Pancreatic Retrograde Venous Infusion (PRVI) Significantly Enhances Delivery of NearIR Labelled SD-101 TLR9 Agonist to Targeted Regions of the Porcine Pancreas.

Wednesday, March 8, 2023

3:36 PM – 3:45 PM

Location: Phoenix Convention Center, 222AB

Abstract Speaker(s)

David B. Jaroch, PhD.

Senior Principal Scientist
Trisalus Life Sciences

Disclosure(s): TriSalus Life Sciences: Intellectual Property Rights (Ongoing), Ownership Interest (Ongoing), Salaried Employee (Ongoing)

Author/Co-author(s)

DP

David Porter, M.D.

Interventional Radiologist Consultant
Independent Consultant
DG

Dennis Griffin, M.D.

Interventional Radiologist Consultant
Independent Consultant
SK

Steven Katz, M.D.

Chief Medical Officer
TriSalus Life Sciences
BC

Bryan Cox, PhD.

Chief of Research
TriSalus Life Sciences

Disclosure(s):

David B. Jaroch, PhD.: TriSalus Life Sciences: Intellectual Property Rights (Ongoing), Ownership Interest (Ongoing), Salaried Employee (Ongoing)

Purpose:

Advanced pancreatic ductal adenocarcinoma (PDAC) has an overall 5-year survival rate of only 10%. Systemically delivered conventional chemotherapy and immunotherapy have had limited success in locally advanced PDAC patients, in part, due to high intratumoral pressure which restricts blood flow and therapeutic absorption. Here we describe a novel trans-venous approach for delivering labeled SD-101 (SD-101^L), a novel immune modulating TLR9 Type C agonist, into pancreatic tissues under elevated pressure.
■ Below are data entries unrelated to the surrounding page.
(* Writing P = X^n R + (terms of degree < n), the series y^(-n) P(y) y' splits into a power series
   and the terms P_k y^(k-n) y', of which only k = n - 1 has a residue. *)
lemma fls_residue_compose_times_deriv:
  fixes y P :: "'a::field_char_0 fps"
  assumes y0: "y $ 0 = 0" and y1: "y $ 1 \<noteq> 0" and "n \<ge> 1"
  shows "fls_residue (inverse (fps_to_fls y) ^ n * fps_to_fls ((P oo y) * fps_deriv y)) = P $ (n - 1)"
proof -
  let ?Y = "fps_to_fls y" and ?Y' = "fls_deriv (fps_to_fls y)"
  define R where "R = fps_shift n P"
  have "?Y \<noteq> 0"
    using y1 by (auto simp: fps_eq_iff)
  then have cancel: "inverse ?Y ^ n * ?Y ^ k = inverse ?Y ^ (n - k)" if "k \<le> n" for k
    using that by (simp add: power_diff power_inverse field_simps)
  have P_split: "P = fps_X ^ n * R + (\<Sum>k<n. fps_const (P $ k) * fps_X ^ k)"
    using fps_shift_cutoff'[of n P] by (simp add: R_def fps_cutoff_eq_sum_monomials)
  have "P oo y = y ^ n * (R oo y) + (\<Sum>k<n. fps_const (P $ k) * y ^ k)"
    by (subst P_split)
      (simp add: fps_compose_add_distrib fps_compose_mult_distrib[OF y0] fps_compose_sum_distrib
        fps_compose_power[OF y0, symmetric] y0)
  then have expand: "fps_to_fls ((P oo y) * fps_deriv y) =
      ?Y ^ n * fps_to_fls ((R oo y) * fps_deriv y) + (\<Sum>k<n. fls_const (P $ k) * ?Y ^ k * ?Y')"
    by (simp add: fls_times_fps_to_fls fps_to_fls_sum fps_to_fls_power fls_deriv_fps_to_fls
        algebra_simps sum_distrib_right sum_distrib_left)
  have quotient_split: "inverse ?Y ^ n * fps_to_fls ((P oo y) * fps_deriv y) =
      fps_to_fls ((R oo y) * fps_deriv y) + (\<Sum>k<n. fls_const (P $ k) * (inverse ?Y ^ (n - k) * ?Y'))"
  proof -
    have "(\<Sum>k<n. inverse ?Y ^ n * (fls_const (P $ k) * ?Y ^ k * ?Y')) =
        (\<Sum>k<n. fls_const (P $ k) * (inverse ?Y ^ (n - k) * ?Y'))"
      by (rule sum.cong) (use cancel in \<open>auto simp: ac_simps\<close>)
    moreover have "inverse ?Y ^ n * (?Y ^ n * F) = F" for F
      using cancel[of n] by (simp add: mult.assoc[symmetric])
    ultimately show ?thesis
      by (simp only: expand distrib_left sum_distrib_left)
  qed
  have "fls_residue (inverse ?Y ^ n * fps_to_fls ((P oo y) * fps_deriv y)) =
      fls_residue (fps_to_fls ((R oo y) * fps_deriv y)) +
      (\<Sum>k<n. P $ k * fls_residue (inverse ?Y ^ (n - k) * ?Y'))"
    by (simp add: quotient_split fls_nth_sum)
  also have "fls_residue (fps_to_fls ((R oo y) * fps_deriv y)) = 0"
    by (simp add: fls_residue_power_series fls_subdegree_fls_to_fps_gt0 del: fls_residue_def)
  also have "(\<Sum>k<n. P $ k * fls_residue (inverse ?Y ^ (n - k) * ?Y')) =
      (\<Sum>k<n. if k = n - 1 then P $ k else 0)"
    by (rule sum.cong)
      (auto simp: fls_residue_inverse_power_times_deriv[OF y0 y1] simp del: fls_residue_def)
  also have "\<dots> = P $ (n - 1)"
    using \<open>n \<ge> 1\<close> by simp
  finally show ?thesis
    by simp
qed
(* Let $\mathcal F$ be a proper filter on $\omega$. The game $\mathfrak G(\mathcal F^+,[\omega]^{<\omega},\mathcal F^* )$ is dual to the game $\mathfrak G(\mathcal F,\omega,\mathcal F^+)$ (a player has a winning strategy in one iff the other player has one in the other). Consequently, in $\mathfrak G(\mathcal F^+,[\omega]^{<\omega},\mathcal F^* )$, player I has a winning strategy if and only if $\mathcal F$ is $\omega$-$+$-diagonalizable, and player II has a winning strategy if and only if $\mathcal F$ is not weakly Ramsey.
   Context: A filter on $\omega$ is a family $\mathcal F\subseteq\mathcal P(\omega)$ closed under finite intersections and supersets and containing all cofinite sets; it is proper if all its members are infinite. $\mathcal F^+=\{X:\omega\setminus X\notin\mathcal F\}$, $\mathcal F^*=\mathcal P(\omega)\setminus\mathcal F^+$. $X\subseteq^*Y$ means $X\setminus Y$ is finite. Game $\mathfrak G(\mathcal X,\omega,\mathcal Z)$: at each stage $k$, I chooses $X_k\in\mathcal X$ and II responds with $n_k\in X_k$; II wins if $\{n_k:k\in\omega\}\in\mathcal Z$. Game $\mathfrak G(\mathcal X,[\omega]^{<\omega},\mathcal Z)$: at each stage $k$, I chooses $X_k\in\mathcal X$ and II responds with a nonempty finite $s_k\subseteq X_k$; II wins if $\bigcup_k s_k\in\mathcal Z$. In each game I wins when II does not. A tree is a set $T$ of finite sequences of natural numbers containing the empty sequence and closed under initial segments; it is an $\mathcal F$-tree if for each $\bar s\in T$ there is $X_{\bar s}\in\mathcal F$ with $\bar s^\frown n\in T$ for all $n\in X_{\bar s}$; a branch (infinite sequence with all initial segments in $T$) is in $\mathcal F^+$ if its set of values is in $\mathcal F^+$. $\mathcal F$ is weakly Ramsey if every $\mathcal F$-tree has a branch in $\mathcal F^+$. $\mathcal F$ is $\omega$-$+$-diagonalizable if there are $X_n\in\mathcal F^+$ ($n\in\omega$) such that for every $Y\in\mathcal F$ there is $n$ with $X_n\subseteq^*Y$. *)

theory Defs
  imports Main
begin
Materials and Methods: The study was conducted on normal 40-60kg female swine. A fixed dosage of nearIR labeled SD-101^L was administered to each animal. The therapeutic was dispersed in either 10ml (n=5) or 20ml (n=5) of solution to evaluate how infusion volume impacts delivery efficiency. A third cohort was evaluated to determine if allowing the therapeutic to “dwell” within the vessel at stasis for 20min impacted uptake (10ml infusion, 20min dwell, n=5). Infusion was conducted through a TriSalus Infusion System (TIS-21120-60) at a rate of 2ml/min into a volume drained by a single vein (Target Tissue) for all cohorts. A 35mmHg maximum vascular pressure threshold was established after device deployment prior to infusion. The remainder of the pancreas remained untreated (Non-Target Tissue). Quantification of tissue uptake within the pancreases was performed by nearIR fluorescence imaging on sequential 1cm thick sections of tissue.

Results:

Target tissues displayed 11.5-fold (10ml, 0min dwell, p=0.003), 10.8-fold (10ml, 20min dwell, p=0.001) and 11.2-fold (20ml, 0min, p=0.018) enrichment in fluorescent signal relative to non-target tissues. Single vessel infusions resulted in a mean treated volume of 4.5±0.6cm³. Infusion volume and dwell time did not significantly impact target tissue fluorescence intensity or treated tissue volume. Vascular pressure was significantly increased relative to normal venous pressure after device deployment (21.6±1.5mmHg vs 30.2±1.0mmHg, p=0.000) and during infusion (21.6±1.5mmHg vs 33.7±1.5mmHg, p=0.000).

Conclusion:

PRVI methodology significantly increased the concentration of SD-101^L within a targeted infusion region of the pancreas. The observed 10.8 to 11.5-fold enrichment may be attributed to exposing tissues to concentrated therapeutic solution under elevated pressure, promoting convective transport. PRVI methodology may allow physicians to improve therapeutic delivery to locally advanced PDAC tumors. These data formed the preclinical foundation for the PERIO-03 clinical trial at MD Anderson Cancer Center.